Ukrainian local historian

Myroslava Volodymyrivna Kocherzhuk (Мирослава Володимирівна Кочержук; born 27 August 1963) is the local historian and research associate of the historical museum of Kolomyia.

==Biography==
Myroslava Kocherzhuk was born on August 27, 1963, in Kolomyia, Soviet Union. In 1980, she graduated from the local school No. 1. In 1980-1985 she studied at the Department of Architecture in the Lviv Polytechnic.

In the end of 1980s she worked as an architect at the Chernivtsi Regional State Museum of Folk Architecture and Life and at the architectural bureau "Delta".

Since October 1990, she has been a research associate at the historical museum of Kolomyia, and since 2024, her deputy director.

During the 1990s, she prepared a number of programs on local radio and television, and also translated from Polish an excerpt from Kamil Baransky's book "Former Soldiers, Farmers, Hasidists..."

In 1997, together with Ivan Monolatiy and Maria Dvylyuk, she conducted the first historical and memorial expedition of the Department of Scientific Research of the historical museum of Kolomyia "Necropolis of Kolomyia".

In 1999, she participated in a European Union project to study European traditions in western Ukraine, which resulted in an exhibition about German settlements in Kolomyia and a guidebook "Visit the Ukrainian Carpathians".

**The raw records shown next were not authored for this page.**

(* Let $L>0$, $N\in\mathbb N$, and let $\rho^N_L(t)$ be the deterministic particle approximation at a time $t$ (at which it is well defined), constructed from $\rho_{0,L}$ with $\int_{\mathbb T_L}\rho_{0,L}(x)\,dx=c_L$. Then $$\|\phi(\rho^N_L(t))\|_{L^\infty(\mathbb T_L)}\le\Big(\phi\Big(\frac{c_L}{L}\Big)+1\Big)+N\sum_{k=0}^{N-1}|\phi(\rho_{k+1}(t))-\phi(\rho_k(t))|^2.$$
   Context: $\phi:[0,\infty)\to[0,\infty)$ is a continuous strictly increasing function with $\phi(0)=0$ (in the paper $\phi(\rho)=\rho W'(\rho)-W(\rho)$ with further structural assumptions). $K:\mathbb R\to\mathbb R$ is even, continuous, $C^2$ away from $0$, with $K,K'$ bounded. $\mathbb T_L=\mathbb R/L\mathbb Z\cong[-L/2,L/2)$. Deterministic particle approximation: given $\rho_{0,L}\in L^\infty(\mathbb T_L)$, $\rho_{0,L}\ge0$, $c_L=\int_{\mathbb T_L}\rho_{0,L}\le1$, set $x_0=-L/2$, $x_k=\sup\{x:\int_{x_{k-1}}^x\rho_{0,L}<c_L/N\}$, $k=1,\dots,N$; particles $x_k(t)$ (indices mod $N$) solve $\dot x_k=-\frac{c_L}{N}\sum_{j\ne k}K'(x_k-x_j)-\frac{N}{c_L}[\phi(\rho_k)-\phi(\rho_{k-1})]$, $x_k(0)=x_k$, with $\rho_k(t)=\frac{c_L}{N(x_{k+1}(t)-x_k(t))}$, and $\rho^N_L(t,x)=\sum_{k=0}^{N-1}\rho_k(t)\chi_{[x_k(t),x_{k+1}(t))}(x)$; well defined at $t$ if $x_0(s)<\dots<x_{N-1}(s)$ for $s\in[0,t]$, in which case $\sum_{k=0}^{N-1}(x_{k+1}(t)-x_k(t))=L$. *)

theory Defs
  imports "HOL-Analysis.Analysis" "HOL-Probability.Essential_Supremum"
begin

text \<open>Particle positions are given by functions x k :: real => real (k < N),
  lifted to the real line. The torus T_L = R / L Z; indices are taken mod N and the
  wrap-around particle x_N is x_0 + L (the lift of x_0 one period later).\<close>

definition ppos :: "(nat \<Rightarrow> real \<Rightarrow> real) \<Rightarrow> real \<Rightarrow> nat \<Rightarrow> nat \<Rightarrow> real \<Rightarrow> real" where
  "ppos x L N k s = (if k < N then x k s else x 0 s + L)"

definition prho :: "(nat \<Rightarrow> real \<Rightarrow> real) \<Rightarrow> real \<Rightarrow> nat \<Rightarrow> real \<Rightarrow> nat \<Rightarrow> real \<Rightarrow> real" where
  "prho x L N c k s = c / (real N * (ppos x L N (Suc (k mod N)) s - ppos x L N (k mod N) s))"

text \<open>The piecewise constant density rho^N_L(s, y), as an L-periodic function on R
  (i.e. a function on T_L): equal to rho_k(s) on [x_k(s), x_{k+1}(s)) modulo L.\<close>
definition rhoN :: "(nat \<Rightarrow> real \<Rightarrow> real) \<Rightarrow> real \<Rightarrow> nat \<Rightarrow> real \<Rightarrow> real \<Rightarrow> real \<Rightarrow> real" where
  "rhoN x L N c s y = (\<Sum>k<N. prho x L N c k s *
      indicator {z. \<exists>m::int. ppos x L N k s \<le> z + of_int m * L \<and> z + of_int m * L < ppos x L N (Suc k) s} y)"

text \<open>Well-definedness of the particle scheme on [0,t]: strict ordering
  x_0(s) < ... < x_{N-1}(s) < x_0(s) + L for all s in [0,t].\<close>
definition well_ordered :: "(nat \<Rightarrow> real \<Rightarrow> real) \<Rightarrow> real \<Rightarrow> nat \<Rightarrow> real \<Rightarrow> bool" where
  "well_ordered x L N t \<longleftrightarrow> (\<forall>s\<in>{0..t}. \<forall>k<N. ppos x L N k s < ppos x L N (Suc k) s)"

end

theory Submission
  imports Defs
begin

(* Some particle cell has length at least L/N, so the density there is at most the average c/L
   and its \<phi>-value at most \<phi>(c/L). Every other \<phi>(\<rho>_k) differs from it by at most the total
   variation \<Sum>|\<phi>(\<rho>_{k+1}) - \<phi>(\<rho>_k)|, which Young's inequality |d| \<le> 1/N + N d^2 bounds by
   1 + N \<Sum>|\<phi>(\<rho>_{k+1}) - \<phi>(\<rho>_k)|^2. As the cells are disjoint modulo L, \<rho>^N_L only takes the
   values \<rho>_k and 0, so the bound holds pointwise. *)

definition periodic_cell :: "real \<Rightarrow> real \<Rightarrow> real \<Rightarrow> real set" where
  "periodic_cell L a b = {z. \<exists>m::int. a \<le> z + of_int m * L \<and> z + of_int m * L < b}"

lemma periodic_cell_borel: "periodic_cell L a b \<in> sets borel"
  unfolding periodic_cell_def by measurable

lemma periodic_shift_unique:
  fixes L :: real
  assumes "L > 0"
    and "a \<le> z + of_int m * L" "z + of_int m * L < a + L"
    and "a \<le> z + of_int n * L" "z + of_int n * L < a + L"
  shows "m = n"
proof -
  have "of_int (m - n) * L < 1 * L" "(- 1) * L < of_int (m - n) * L"
    using assms(2-5) by (simp_all add: algebra_simps)
  then have "of_int (m - n) < (1::real)" "(- 1::real) < of_int (m - n)"
    using \<open>L > 0\<close> by (simp_all only: mult_less_cancel_right_pos)
  then show ?thesis by linarith
qed

lemma disjoint_family_periodic_cells:
  fixes p :: "nat \<Rightarrow> real"
  assumes chain: "\<forall>k<N. p k < p (Suc k)" and wrap: "p N = p 0 + L" and "L > 0"
  shows "disjoint_family_on (\<lambda>k. periodic_cell L (p k) (p (Suc k))) {..<N}"
proof -
  have le: "p i \<le> p j" if "i \<le> j" "j \<le> N" for i j
    using lift_Suc_mono_le_ivl[of "{..<N}" p i j] chain that by force
  have False
    if kj: "k < j" "j < N"
      and y: "y \<in> periodic_cell L (p k) (p (Suc k))" "y \<in> periodic_cell L (p j) (p (Suc j))"
    for k j y
  proof -
    obtain m n where m: "p k \<le> y + of_int m * L" "y + of_int m * L < p (Suc k)"
      and n: "p j \<le> y + of_int n * L" "y + of_int n * L < p (Suc j)"
      using y unfolding periodic_cell_def by blast
    have "p 0 \<le> p k" "p k < p (Suc k)" "p (Suc k) \<le> p j" "p j < p (Suc j)" "p (Suc j) \<le> p 0 + L"
      using le[of 0 k] le[of "Suc k" j] le[of "Suc j" N] chain kj wrap by auto
    then have "m = n"
      using periodic_shift_unique[OF \<open>L > 0\<close>, of "p 0" y m n] m n by linarith
    then show False
      using m n \<open>p (Suc k) \<le> p j\<close> unfolding \<open>m = n\<close> by linarith
  qed
  then show ?thesis
    unfolding disjoint_family_on_def by (metis disjoint_iff lessThan_iff linorder_neq_iff)
qed

lemma exists_ge_average:
  fixes f :: "nat \<Rightarrow> real"
  assumes "N > 0"
  shows "\<exists>k<N. (\<Sum>j<N. f j) / real N \<le> f k"
proof (rule ccontr)
  assume "\<not> ?thesis"
  then have "(\<Sum>j<N. f j) < (\<Sum>k<N. (\<Sum>j<N. f j) / real N)"
    using assms by (intro sum_strict_mono) auto
  then show False
    using assms by simp
qed

lemma abs_diff_le_sum_abs_increments:
  fixes f :: "nat \<Rightarrow> 'a::ordered_ab_group_add_abs"
  assumes "i \<le> n" "j \<le> n"
  shows "\<bar>f i - f j\<bar> \<le> (\<Sum>k<n. \<bar>f (Suc k) - f k\<bar>)"
proof -
  have *: "\<bar>f b - f a\<bar> \<le> (\<Sum>k<n. \<bar>f (Suc k) - f k\<bar>)" if "a \<le> b" "b \<le> n" for a b
  proof -
    have "\<bar>f b - f a\<bar> = \<bar>\<Sum>k=a..<b. f (Suc k) - f k\<bar>"
      using sum_Suc_diff'[OF that(1), of f] by simp
    also have "\<dots> \<le> (\<Sum>k=a..<b. \<bar>f (Suc k) - f k\<bar>)"
      by (rule sum_abs)
    also have "\<dots> \<le> (\<Sum>k<n. \<bar>f (Suc k) - f k\<bar>)"
      by (rule sum_mono2) (use that in auto)
    finally show ?thesis .
  qed
  show ?thesis
    using *[of j i] *[of i j] assms by (cases "j \<le> i") (auto simp: abs_minus_commute)
qed

lemma sum_abs_le_one_plus_sum_squares:
  fixes d :: "nat \<Rightarrow> real"
  assumes "N > 0"
  shows "(\<Sum>j<N. \<bar>d j\<bar>) \<le> 1 + real N * (\<Sum>j<N. (d j)\<^sup>2)"
proof -
  have "\<bar>d j\<bar> \<le> 1 / real N + real N * (d j)\<^sup>2" for j
  proof -
    have "0 \<le> (real N * \<bar>d j\<bar>)\<^sup>2 - 2 * (real N * \<bar>d j\<bar>) + 1"
      using zero_le_power2[of "real N * \<bar>d j\<bar> - 1"] by (simp add: power2_diff)
    moreover have "0 \<le> real N * \<bar>d j\<bar>"
      by simp
    ultimately have "real N * \<bar>d j\<bar> \<le> 1 + (real N * \<bar>d j\<bar>)\<^sup>2"
      by linarith
    then show ?thesis
      using assms by (simp add: field_simps power2_eq_square)
  qed
  then have "(\<Sum>j<N. \<bar>d j\<bar>) \<le> (\<Sum>j<N. 1 / real N + real N * (d j)\<^sup>2)"
    by (rule sum_mono)
  also have "\<dots> = 1 + real N * (\<Sum>j<N. (d j)\<^sup>2)"
    using assms by (simp add: sum.distrib sum_distrib_left)
  finally show ?thesis .
qed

In the mid-2000s, she created a series of local history studies in the second volume of the collection of memoirs and articles "Kolomiya and Kolomyia Region", published in 2008. She is also a member of the editorial board of the "Encyclopedia of Kolomyia Region".

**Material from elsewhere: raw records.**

(* Let $G$ be a graph of order $n$, not isomorphic to the complete graph $K_n$, such that $\tau(G)=\tau>\frac{n}{2}$. Then $\tau\le\beta_p(G)\le\frac{n+\tau}{2}$. Moreover, if $W$ is its $\tau$-set, then (1) $\beta_p(G)=\tau$ if and only if $G[W]\cong\overline{K_\tau}$; and (2) $\tau<\beta_p(G)\le\frac{n+\tau}{2}$ if and only if $G[W]\cong K_\tau$.
   Context: All graphs are finite, simple, undirected and connected. Two vertices $u,v$ are twins if $N(u)\setminus\{v\}=N(v)\setminus\{u\}$; twin classes are the equivalence classes of this relation, and the twin number $\tau(G)$ is the maximum cardinality of a twin class. A twin set is a set of pairwise twin vertices; a $\tau$-set is a twin set of cardinality $\tau(G)$ (it is unique when $\tau(G)>n/2$). $G[W]$ is the induced subgraph. For a partition $\Pi=\{S_1,\dots,S_k\}$ of $V(G)$, $r(u|\Pi)=(d(u,S_1),\dots,d(u,S_k))$ with $d(u,S)=\min_{w\in S}d(u,w)$; $\Pi$ is locating if $r(u|\Pi)\ne r(v|\Pi)$ for all distinct $u,v$; $\beta_p(G)$ is the minimum size of a locating partition. *)

theory Defs
  imports Complex_Main
begin

definition graph :: "'a set \<Rightarrow> ('a \<Rightarrow> 'a \<Rightarrow> bool) \<Rightarrow> bool" where
  "graph V E \<longleftrightarrow> finite V \<and> V \<noteq> {} \<and>
     (\<forall>u v. E u v \<longrightarrow> u \<in> V \<and> v \<in> V) \<and>
     (\<forall>u v. E u v \<longrightarrow> E v u) \<and> (\<forall>u. \<not> E u u)"

definition connected_graph :: "'a set \<Rightarrow> ('a \<Rightarrow> 'a \<Rightarrow> bool) \<Rightarrow> bool" where
  "connected_graph V E \<longleftrightarrow> graph V E \<and> (\<forall>u\<in>V. \<forall>v\<in>V. E\<^sup>*\<^sup>* u v)"

definition gdist :: "('a \<Rightarrow> 'a \<Rightarrow> bool) \<Rightarrow> 'a \<Rightarrow> 'a \<Rightarrow> nat" where
  "gdist E u v = (LEAST k. (E ^^ k) u v)"

definition setdist :: "('a \<Rightarrow> 'a \<Rightarrow> bool) \<Rightarrow> 'a \<Rightarrow> 'a set \<Rightarrow> nat" where
  "setdist E u S = Min (gdist E u ` S)"

definition nbhd :: "('a \<Rightarrow> 'a \<Rightarrow> bool) \<Rightarrow> 'a \<Rightarrow> 'a set" where
  "nbhd E u = {w. E u w}"

definition twins :: "('a \<Rightarrow> 'a \<Rightarrow> bool) \<Rightarrow> 'a \<Rightarrow> 'a \<Rightarrow> bool" where
  "twins E u v \<longleftrightarrow> nbhd E u - {v} = nbhd E v - {u}"

definition twin_class :: "'a set \<Rightarrow> ('a \<Rightarrow> 'a \<Rightarrow> bool) \<Rightarrow> 'a \<Rightarrow> 'a set" where
  "twin_class V E u = {v \<in> V. twins E u v}"

definition twin_number :: "'a set \<Rightarrow> ('a \<Rightarrow> 'a \<Rightarrow> bool) \<Rightarrow> nat" where
  "twin_number V E = Max ((\<lambda>u. card (twin_class V E u)) ` V)"

definition twin_set :: "'a set \<Rightarrow> ('a \<Rightarrow> 'a \<Rightarrow> bool) \<Rightarrow> 'a set \<Rightarrow> bool" where
  "twin_set V E W \<longleftrightarrow> W \<subseteq> V \<and> (\<forall>u\<in>W. \<forall>v\<in>W. twins E u v)"

definition tau_set :: "'a set \<Rightarrow> ('a \<Rightarrow> 'a \<Rightarrow> bool) \<Rightarrow> 'a set \<Rightarrow> bool" where
  "tau_set V E W \<longleftrightarrow> twin_set V E W \<and> card W = twin_number V E"

definition is_partition_list :: "'a set \<Rightarrow> 'a set list \<Rightarrow> bool" where
  "is_partition_list V P \<longleftrightarrow> distinct P \<and> (\<forall>S\<in>set P. S \<noteq> {}) \<and>
     (\<forall>i<length P. \<forall>j<length P. i \<noteq> j \<longrightarrow> P ! i \<inter> P ! j = {}) \<and> \<Union>(set P) = V"

definition rep :: "('a \<Rightarrow> 'a \<Rightarrow> bool) \<Rightarrow> 'a \<Rightarrow> 'a set list \<Rightarrow> nat list" where
  "rep E u P = map (setdist E u) P"

definition locating_partition :: "'a set \<Rightarrow> ('a \<Rightarrow> 'a \<Rightarrow> bool) \<Rightarrow> 'a set list \<Rightarrow> bool" where
  "locating_partition V E P \<longleftrightarrow> is_partition_list V P \<and>
     (\<forall>u\<in>V. \<forall>v\<in>V. u \<noteq> v \<longrightarrow> rep E u P \<noteq> rep E v P)"

definition partition_dimension :: "'a set \<Rightarrow> ('a \<Rightarrow> 'a \<Rightarrow> bool) \<Rightarrow> nat" where
  "partition_dimension V E = (LEAST k. \<exists>P. length P = k \<and> locating_partition V E P)"

definition graph_iso :: "'a set \<Rightarrow> ('a \<Rightarrow> 'a \<Rightarrow> bool) \<Rightarrow> 'b set \<Rightarrow> ('b \<Rightarrow> 'b \<Rightarrow> bool) \<Rightarrow> bool" where
  "graph_iso V1 E1 V2 E2 \<longleftrightarrow> (\<exists>f. bij_betw f V1 V2 \<and>
     (\<forall>u\<in>V1. \<forall>v\<in>V1. E1 u v \<longleftrightarrow> E2 (f u) (f v)))"

definition induced_edges :: "('a \<Rightarrow> 'a \<Rightarrow> bool) \<Rightarrow> 'a set \<Rightarrow> 'a \<Rightarrow> 'a \<Rightarrow> bool" where
  "induced_edges E W u v \<longleftrightarrow> E u v \<and> u \<in> W \<and> v \<in> W"

text \<open>Complete graph K_n and its complement on vertex set {0..<n}.\<close>
definition K_edges :: "nat \<Rightarrow> nat \<Rightarrow> bool" where
  "K_edges i j \<longleftrightarrow> i \<noteq> j"

definition coK_edges :: "nat \<Rightarrow> nat \<Rightarrow> bool" where
  "coK_edges i j \<longleftrightarrow> False"


end

theory Submission
  imports Defs
begin

text \<open>
  Twins have equal distances to every block containing neither of them, so a locating partition
  separates the vertices of the \<open>\<tau>\<close>-set \<open>W\<close> into distinct blocks and \<open>\<tau> \<le> \<beta>\<^sub>p\<close>.
  As \<open>|V - W| < |W|\<close>, the vertices outside \<open>W\<close> (except for a set \<open>B\<close> of singleton blocks) can be
  placed injectively into the blocks of \<open>W - {w\<^sub>0}\<close>; a vertex \<open>u\<close> and its partner in \<open>W\<close>
  are then separated by \<open>{w\<^sub>0}\<close>, by a vertex of \<open>B\<close>, or by another pair, each time because
  one of them is adjacent to the separating block and the other is not.
  If \<open>G[W]\<close> has no edges, \<open>B = {}\<close> suffices and \<open>\<beta>\<^sub>p = \<tau>\<close>. If \<open>G[W]\<close> is complete,
  \<open>\<tau>\<close> blocks would each contain a vertex of \<open>W\<close>, and a neighbour of \<open>W\<close> outside \<open>W\<close> could not
  be told apart from the vertex of \<open>W\<close> in its block, so \<open>\<beta>\<^sub>p > \<tau>\<close>; here \<open>B\<close> must dominate the
  neighbourhood of \<open>W\<close> with respect to the relation "distinguishes", and Ore's argument gives
  such a \<open>B\<close> with \<open>|B| \<le> |V - W| / 2\<close>, whence \<open>\<beta>\<^sub>p \<le> (n + \<tau>) / 2\<close>.
\<close>

definition clique :: "('a \<Rightarrow> 'a \<Rightarrow> bool) \<Rightarrow> 'a set \<Rightarrow> bool" where
  "clique E W \<longleftrightarrow> (\<forall>x\<in>W. \<forall>y\<in>W. x \<noteq> y \<longrightarrow> E x y)"

definition indep_set :: "('a \<Rightarrow> 'a \<Rightarrow> bool) \<Rightarrow> 'a set \<Rightarrow> bool" where
  "indep_set E W \<longleftrightarrow> (\<forall>x\<in>W. \<forall>y\<in>W. \<not> E x y)"

lemma gdist_le: "(E ^^ k) u v \<Longrightarrow> gdist E u v \<le> k"
  unfolding gdist_def by (rule Least_le)

lemma gdist_self: "gdist E u u = 0"
  using gdist_le[of 0 E u u] by simp

lemma twins_refl: "twins E u u"
  unfolding twins_def by simp

lemma twins_sym: "twins E u v \<Longrightarrow> twins E v u"
  unfolding twins_def by simp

In 2008, in cooperation with Mykola Vasylchuk, she translated Leopold Weigel's local history work "Essay on the City of Kolomyia" from Polish into Ukrainian.

In 2011, she published a major work on local history, “The Ukrainian State Gymnasium in Kolomyia, 1892–1944,” in the “Kolomyia Library” series. In the same year, she wrote a preface to the set of postcards, “Roman Kocherzhuk. Graphics,” and historical notes for the album “Kolomiya” on the occasion of the 770th anniversary of the first chronicle mention of the city.

In 2016, she became the author of local history articles for the art album “Kolomiya — Our Town: A Catalog of Postcards”.

In 2020, she participated in the program "Traveling Around the Country with Liliya Ruban", where she talked about the history of Kolomyia.

In 2022, in cooperation with Bohdan Voloshynskyi, she published a work about the esperantist from Kolomyia Orest Kuzma, "The Ukrainian Star of the Esperantist from Kolomyia".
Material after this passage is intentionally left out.